WORK ORDER:
Please restate, exactly as written, the lines running from the beginning of the material through the line that has "proof (rule measurable_bounded_by_integrable_imp_integrable)" in it.
Segment Start: DATA RECORDS
lemma log_minus_entropy_eq:
  assumes t: "t \<in> std_simplex n"
  shows "log 2 n - entropy n t = (\<Sum>i=1..n. t i * ln (n * t i)) / ln 2"
proof -
  have n: "real n > 0" using std_simplex_dim_pos[OF t] by simp
  have "(\<Sum>i=1..n. t i * ln (n * t i)) = (\<Sum>i=1..n. t i * ln n + t i * ln (t i))"
    using std_simplex_nonneg[OF t] n
    by (intro sum.cong refl) (fastforce simp: ln_mult algebra_simps)
  also have "\<dots> = ln n + (\<Sum>i=1..n. t i * ln (t i))"
    using std_simplex_sum[OF t] by (simp add: sum.distrib sum_distrib_right[symmetric])
  finally show ?thesis
    using std_simplex_nonneg[OF t] by (simp add: entropy_eq_sum_xlnx log_def field_simps)
qed

text \<open>Gibbs' inequality, via \<open>x - 1/n \<le> x ln (n x)\<close>.\<close>
lemma entropy_le_log:
  assumes t: "t \<in> std_simplex n"
  shows "entropy n t \<le> log 2 n"
proof -
  have n: "real n > 0" using std_simplex_dim_pos[OF t] by simp
  have "(\<Sum>i=1..n. t i - 1 / n) \<le> (\<Sum>i=1..n. t i * ln (n * t i))"
  proof (rule sum_mono)
    fix i assume "i \<in> {1..n}"
    then have "0 \<le> t i" using std_simplex_nonneg t by blast
    then show "t i - 1 / n \<le> t i * ln (n * t i)"
      using mult_ln_le_diff[of "t i" "1 / n"] n by (cases "t i = 0") (auto simp: ln_mult ln_div algebra_simps)
  qed
  moreover have "(\<Sum>i=1..n. t i - 1 / n) = 0" using std_simplex_sum[OF t] n by (simp add: sum_subtractf)
  ultimately have "0 \<le> (\<Sum>i=1..n. t i * ln (n * t i)) / ln 2" by simp
  then show ?thesis using log_minus_entropy_eq[OF t] by simp
qed
lemma integrable_weight_times_continuous:
  fixes k g :: "real \<Rightarrow> real"
  assumes "k integrable_on {a..c}" "continuous_on {a<..<c} k" "\<And>\<tau>. \<tau> \<in> {a..c} \<Longrightarrow> 0 \<le> k \<tau>"
    and "continuous_on {a..c} g"
  shows "(\<lambda>\<tau>. k \<tau> * g \<tau>) integrable_on {a..c}"
proof -
  obtain M where M: "\<And>\<tau>. \<tau> \<in> {a..c} \<Longrightarrow> norm (g \<tau>) \<le> M"
    using continuous_on_compact_bound[OF compact_Icc assms(4)] by blast
  show ?thesis
  proof (rule measurable_bounded_by_integrable_imp_integrable)
    show "(\<lambda>\<tau>. k \<tau> * g \<tau>) \<in> borel_measurable (lebesgue_on {a..c})"
      by (rule continuous_on_Ioo_imp_borel_measurable_Icc)
         (intro continuous_intros assms(2) continuous_on_subset[OF assms(4)], auto)
    show "(\<lambda>\<tau>. M * k \<tau>) integrable_on {a..c}"
      using assms(1) by (rule integrable_on_mult_right)
    fix \<tau> assume "\<tau> \<in> {a..c}"
    then show "norm (k \<tau> * g \<tau>) \<le> M * k \<tau>"
      using M[of \<tau>] assms(3)[of \<tau>] by (simp add: abs_mult mult.commute[of M] mult_left_mono)
  qed auto
qed

lemma integrable_singular_kernel_times_continuous:
  fixes g :: "real \<Rightarrow> real"
  assumes "b < 1" "continuous_on {a..s} g" "a \<le> s" "s \<le> x"
  shows "(\<lambda>\<tau>. (x - \<tau>) powr (-b) * g \<tau>) integrable_on {a..s}"
proof (rule integrable_weight_times_continuous[OF _ _ _ assms(2)])
  show "(\<lambda>\<tau>. (x - \<tau>) powr (-b)) integrable_on {a..s}"
    using has_integral_singular_kernel[OF assms(1,3,4)] by blast
  show "continuous_on {a<..<s} (\<lambda>\<tau>. (x - \<tau>) powr (-b))"
    using assms by (intro continuous_intros) auto
qed auto

lemma integrable_powr_times_continuous:
  fixes g :: "real \<Rightarrow> real"
  assumes "b < 1" "continuous_on {0..T} g"
  shows "(\<lambda>t. t powr (-b) * g t) integrable_on {0..T}"
proof (cases "0 \<le> T")
  case True
  show ?thesis
  proof (rule integrable_weight_times_continuous[OF _ _ _ assms(2)])
    show "(\<lambda>t. t powr (-b)) integrable_on {0..T}"
      using integrable_on_powr_from_0[of "-b" T] assms True by auto
  qed (auto intro!: continuous_intros)
qed auto
text \<open>The test function is the distance to the head \<open>B\<^sub>h\<close>: it is at least \<open>L(h)\<close> on the tail and
  vanishes on the head.\<close>

lemma hedge_len_le_wasserstein:
  assumes h: "h \<in> H" and \<alpha>: "0 \<le> \<alpha>" "\<alpha> \<le> 1"
  shows "hedge_len H w h - 2 * (1 - \<alpha>) * wmax H w \<le> wasserstein V d (mu_A H w \<alpha> h) (mu_B H w \<alpha> h)"
proof -
  let ?M = "(1 - \<alpha>) * wmax H w"
  define \<phi> where "\<phi> z = Min ((\<lambda>y. d z y) ` snd h)" for z
  have \<phi>: "one_lipschitz V d \<phi>"
    unfolding \<phi>_def using hedge_wf[OF h] by (intro one_lipschitz_hdist_to_set)
  have mean: "\<bar>(\<Sum>z\<in>V. mu_in H w \<alpha> x z * \<phi> z) - \<phi> x\<bar> \<le> ?M" if "x \<in> V" for x
    using mean_mu_in_close[OF that \<alpha> \<phi>] .
  have tail: "hedge_len H w h - ?M \<le> (\<Sum>z\<in>V. mu_in H w \<alpha> x z * \<phi> z)" if x: "x \<in> fst h" for x
  proof -
    have "hedge_len H w h \<le> \<phi> x"
      unfolding \<phi>_def using hedge_wf[OF h] finite_snd[OF h] x hedge_len_le[OF h x] by (auto intro: Min.boundedI)
    then show ?thesis using mean[of x] x hedge_wf(3)[OF h] by auto
  qed
  have head: "(\<Sum>z\<in>V. mu_in H w \<alpha> y z * \<phi> z) \<le> ?M" if y: "y \<in> snd h" for y
  proof -
    have "\<phi> y \<le> d y y"
      unfolding \<phi>_def by (rule Min_le[OF finite_imageI[OF finite_snd[OF h]] imageI[OF y]])
    then have "\<phi> y \<le> 0" by simp
    then show ?thesis using mean[of y] y hedge_wf(4)[OF h] by auto
  qed
  have prob: "prob_vector V (mu_in H w \<alpha> x)" if "x \<in> V" for x
    using prob_vector_mu_in[OF that \<alpha>] .
  have card: "0 < real (card (fst h))" "0 < real (card (snd h))"
    using hedge_wf(1,2)[OF h] finite_fst[OF h] finite_snd[OF h] by auto
  have "real (card (fst h)) * (hedge_len H w h - ?M) \<le> (\<Sum>x\<in>fst h. \<Sum>z\<in>V. mu_in H w \<alpha> x z * \<phi> z)"
    by (rule sum_bounded_below) (rule tail)
  also have "\<dots> = real (card (fst h)) * (\<Sum>z\<in>V. mu_A H w \<alpha> h z * \<phi> z)"
    unfolding mu_A_eq using card(1) hedge_wf(1,3)[OF h] finite_fst[OF h]
    by (subst mean_average) (auto intro: prob)
  finally have mean_A: "hedge_len H w h - ?M \<le> (\<Sum>z\<in>V. mu_A H w \<alpha> h z * \<phi> z)"
    using card(1) by simp
  have "real (card (snd h)) * (\<Sum>z\<in>V. mu_B H w \<alpha> h z * \<phi> z)
      = (\<Sum>y\<in>snd h. \<Sum>z\<in>V. mu_in H w \<alpha> y z * \<phi> z)"
    unfolding mu_B_eq using card(2) hedge_wf(2,4)[OF h] finite_snd[OF h]
    by (subst mean_average) (auto intro: prob)
  also have "\<dots> \<le> real (card (snd h)) * ?M"
    by (rule sum_bounded_above) (rule head)
  finally have mean_B: "(\<Sum>z\<in>V. mu_B H w \<alpha> h z * \<phi> z) \<le> ?M"
    using card(2) by simp
  have "(\<Sum>z\<in>V. mu_A H w \<alpha> h z * \<phi> z) - (\<Sum>z\<in>V. mu_B H w \<alpha> h z * \<phi> z)
      \<le> wasserstein V d (mu_A H w \<alpha> h) (mu_B H w \<alpha> h)"
    using hedge_wf[OF h] finite_fst[OF h] finite_snd[OF h]
    by (intro lipschitz_mean_diff_le_wasserstein \<phi>)
      (auto simp: mu_A_eq mu_B_eq hdist_nonneg prob subsetD intro!: prob_vector_average)
  with mean_A mean_B show ?thesis by linarith
qed

lemma edge_curvature_bound:
  assumes h: "h \<in> H" and lim: "((\<lambda>\<alpha>. kappa_alpha_edge V H w \<alpha> h / (1 - \<alpha>)) \<longlongrightarrow> k) (at_left 1)"
    and k: "0 < k"
  shows "hedge_len H w h \<le> 2 * wmax H w / k"
proof -
  let ?L = "hedge_len H w h"
  have "\<forall>\<^sub>F \<alpha> in at_left 1. kappa_alpha_edge V H w \<alpha> h / (1 - \<alpha>) \<le> 2 * wmax H w / ?L"
  proof (rule eventually_mono[OF eventually_at_left_real[OF zero_less_one]])
    fix \<alpha> :: real assume \<alpha>: "\<alpha> \<in> {0<..<1}"
    then have "?L - wasserstein V d (mu_A H w \<alpha> h) (mu_B H w \<alpha> h) \<le> 2 * (1 - \<alpha>) * wmax H w"
      using hedge_len_le_wasserstein[OF h, of \<alpha>] by simp
    then show "kappa_alpha_edge V H w \<alpha> h / (1 - \<alpha>) \<le> 2 * wmax H w / ?L"
      unfolding kappa_alpha_edge_def using hedge_len_pos[OF h] \<alpha> by (intro curvature_ratio_le) auto
  qed
  then have "k \<le> 2 * wmax H w / ?L"
    using tendsto_upperbound[OF lim _ trivial_limit_at_left_real] by blast
  then show ?thesis
    using k hedge_len_pos[OF h] by (simp add: field_simps)
qed

subsection \<open>Vertex curvature and the diameter\<close>

lemma mean_diff_le_wasserstein_vertex:
  assumes "a \<in> V" "b \<in> V" "0 \<le> \<alpha>" "\<alpha> \<le> 1" "one_lipschitz V d \<phi>"
  shows "(\<Sum>z\<in>V. mu_in H w \<alpha> a z * \<phi> z) - (\<Sum>z\<in>V. mu_in H w \<alpha> b z * \<phi> z)
    \<le> wasserstein V d (mu_in H w \<alpha> a) (mu_out H w \<alpha> b)"
  unfolding mu_out_eq_mu_in
  using assms by (intro lipschitz_mean_diff_le_wasserstein prob_vector_mu_in) (auto simp: hdist_nonneg)

lemma hdist_le_wasserstein_vertex:
  assumes a: "a \<in> V" and b: "b \<in> V" and \<alpha>: "0 \<le> \<alpha>" "\<alpha> \<le> 1"
  shows "d a b - 2 * (1 - \<alpha>) * wmax H w \<le> wasserstein V d (mu_in H w \<alpha> a) (mu_out H w \<alpha> b)"
proof -
  have \<phi>: "one_lipschitz V d (\<lambda>z. d z b)"
    by (rule one_lipschitz_hdist_to[OF b])
  have "2 * (1 - \<alpha>) * wmax H w = 2 * ((1 - \<alpha>) * wmax H w)" by simp
  then show ?thesis
    using abs_le_D2[OF mean_mu_in_close[OF a \<alpha> \<phi>]] abs_le_D1[OF mean_mu_in_close[OF b \<alpha> \<phi>]]
      mean_diff_le_wasserstein_vertex[OF a b \<alpha> \<phi>] hdist_self[of b] by linarith
qed

lemma kappa_alpha_vertex_ratio_le:
  assumes "a \<in> V" "b \<in> V" "a \<noteq> b" "0 \<le> \<alpha>" "\<alpha> < 1"
  shows "kappa_alpha_vertex V H w \<alpha> a b / (1 - \<alpha>) \<le> 2 * wmax H w / d a b"
  unfolding kappa_alpha_vertex_def
  using assms hdist_pos hdist_le_wasserstein_vertex[of a b \<alpha>] by (intro curvature_ratio_le) auto

text \<open>The measures at laziness \<open>\<beta>\<close> mix those at laziness \<open>\<alpha>\<close> with the point masses at \<open>a\<close> and
  \<open>b\<close>, which can be transported directly at cost \<open>d(a, b)\<close>.\<close>

lemma kappa_alpha_vertex_ratio_mono:
  assumes ab: "a \<in> V" "b \<in> V" "a \<noteq> b" and \<alpha>\<beta>: "0 \<le> \<alpha>" "\<alpha> \<le> \<beta>" "\<beta> < 1"
  shows "kappa_alpha_vertex V H w \<alpha> a b / (1 - \<alpha>) \<le> kappa_alpha_vertex V H w \<beta> a b / (1 - \<beta>)"
proof -
  define t where "t = (1 - \<beta>) / (1 - \<alpha>)"
  have t: "0 < t" "t \<le> 1" "(1 - \<alpha>) * t = 1 - \<beta>"
    using \<alpha>\<beta> by (auto simp: t_def)
  define D where "D = d a b"
  have "0 < D" using hdist_pos[OF ab] by (simp add: D_def)
  define W where "W \<gamma> = wasserstein V d (mu_in H w \<gamma> a) (mu_out H w \<gamma> b)" for \<gamma>
  have "W \<beta> \<le> t * W \<alpha> + (1 - t) * D"
    unfolding W_def D_def mu_out_eq_mu_in mu_in_mix[OF order.strict_trans1[OF \<alpha>\<beta>(2,3)], where \<beta> = \<beta>]
    unfolding t_def[symmetric]
    using ab \<alpha>\<beta> t by (intro wasserstein_mix_point_mass_le prob_vector_mu_in) (auto simp: hdist_nonneg)
  then have "W \<beta> / D \<le> (t * W \<alpha> + (1 - t) * D) / D"
    using \<open>0 < D\<close> by (intro divide_right_mono) auto
  also have "\<dots> = 1 - t * (1 - W \<alpha> / D)"
    using \<open>0 < D\<close> by (simp add: field_simps)
  finally have "t * (1 - W \<alpha> / D) \<le> 1 - W \<beta> / D"
    by simp
  then have "t * (1 - W \<alpha> / D) / (1 - \<beta>) \<le> (1 - W \<beta> / D) / (1 - \<beta>)"
    using \<alpha>\<beta> by (intro divide_right_mono) auto
  moreover have "t * (1 - W \<alpha> / D) / (1 - \<beta>) = (1 - W \<alpha> / D) / (1 - \<alpha>)"
    unfolding t(3)[symmetric] using t(1) by simp
  ultimately have "(1 - W \<alpha> / D) / (1 - \<alpha>) \<le> (1 - W \<beta> / D) / (1 - \<beta>)"
    by simp
  then show ?thesis
    by (simp add: kappa_alpha_vertex_def W_def D_def)
qed

text \<open>Monotonicity and boundedness make the limit exist, so \<open>Lim\<close> in \<open>kappa_vertex\<close> is not a junk value.\<close>

lemma kappa_vertex_tendsto:
  assumes ab: "a \<in> V" "b \<in> V" "a \<noteq> b"
  shows "((\<lambda>\<alpha>. kappa_alpha_vertex V H w \<alpha> a b / (1 - \<alpha>)) \<longlongrightarrow> kappa_vertex V H w a b) (at_left 1)"
proof -
  let ?f = "\<lambda>\<alpha>. kappa_alpha_vertex V H w \<alpha> a b / (1 - \<alpha>)"
  have "(?f \<longlongrightarrow> Sup (?f ` ({..<1} \<inter> {0<..}))) (at 1 within ({..<1} \<inter> {0<..}))"
    using kappa_alpha_vertex_ratio_mono[OF ab] kappa_alpha_vertex_ratio_le[OF ab]
    by (intro Lim_left_bound[where K = "2 * wmax H w / d a b"]) auto
  moreover have "\<forall>\<^sub>F \<alpha> in at (1 :: real). \<alpha> \<in> {..<1} \<inter> {0<..} \<longleftrightarrow> \<alpha> \<in> {..<1}"
    using order_tendstoD(1)[OF tendsto_ident_at[of "1 :: real" UNIV] zero_less_one]
    by (rule eventually_mono) auto
  ultimately have "(?f \<longlongrightarrow> Sup (?f ` ({..<1} \<inter> {0<..}))) (at_left 1)"
    by (rule Lim_transform_within_set)
  then show ?thesis
    unfolding kappa_vertex_def using tendsto_Lim[OF trivial_limit_at_left_real] by metis
qed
Segment End: DATA RECORDS
ANSWER FOR THIS EXERCISE:
lemma log_minus_entropy_eq:
  assumes t: "t \<in> std_simplex n"
  shows "log 2 n - entropy n t = (\<Sum>i=1..n. t i * ln (n * t i)) / ln 2"
proof -
  have n: "real n > 0" using std_simplex_dim_pos[OF t] by simp
  have "(\<Sum>i=1..n. t i * ln (n * t i)) = (\<Sum>i=1..n. t i * ln n + t i * ln (t i))"
    using std_simplex_nonneg[OF t] n
    by (intro sum.cong refl) (fastforce simp: ln_mult algebra_simps)
  also have "\<dots> = ln n + (\<Sum>i=1..n. t i * ln (t i))"
    using std_simplex_sum[OF t] by (simp add: sum.distrib sum_distrib_right[symmetric])
  finally show ?thesis
    using std_simplex_nonneg[OF t] by (simp add: entropy_eq_sum_xlnx log_def field_simps)
qed

text \<open>Gibbs' inequality, via \<open>x - 1/n \<le> x ln (n x)\<close>.\<close>
lemma entropy_le_log:
  assumes t: "t \<in> std_simplex n"
  shows "entropy n t \<le> log 2 n"
proof -
  have n: "real n > 0" using std_simplex_dim_pos[OF t] by simp
  have "(\<Sum>i=1..n. t i - 1 / n) \<le> (\<Sum>i=1..n. t i * ln (n * t i))"
  proof (rule sum_mono)
    fix i assume "i \<in> {1..n}"
    then have "0 \<le> t i" using std_simplex_nonneg t by blast
    then show "t i - 1 / n \<le> t i * ln (n * t i)"
      using mult_ln_le_diff[of "t i" "1 / n"] n by (cases "t i = 0") (auto simp: ln_mult ln_div algebra_simps)
  qed
  moreover have "(\<Sum>i=1..n. t i - 1 / n) = 0" using std_simplex_sum[OF t] n by (simp add: sum_subtractf)
  ultimately have "0 \<le> (\<Sum>i=1..n. t i * ln (n * t i)) / ln 2" by simp
  then show ?thesis using log_minus_entropy_eq[OF t] by simp
qed
lemma integrable_weight_times_continuous:
  fixes k g :: "real \<Rightarrow> real"
  assumes "k integrable_on {a..c}" "continuous_on {a<..<c} k" "\<And>\<tau>. \<tau> \<in> {a..c} \<Longrightarrow> 0 \<le> k \<tau>"
    and "continuous_on {a..c} g"
  shows "(\<lambda>\<tau>. k \<tau> * g \<tau>) integrable_on {a..c}"
proof -
  obtain M where M: "\<And>\<tau>. \<tau> \<in> {a..c} \<Longrightarrow> norm (g \<tau>) \<le> M"
    using continuous_on_compact_bound[OF compact_Icc assms(4)] by blast
  show ?thesis
  proof (rule measurable_bounded_by_integrable_imp_integrable)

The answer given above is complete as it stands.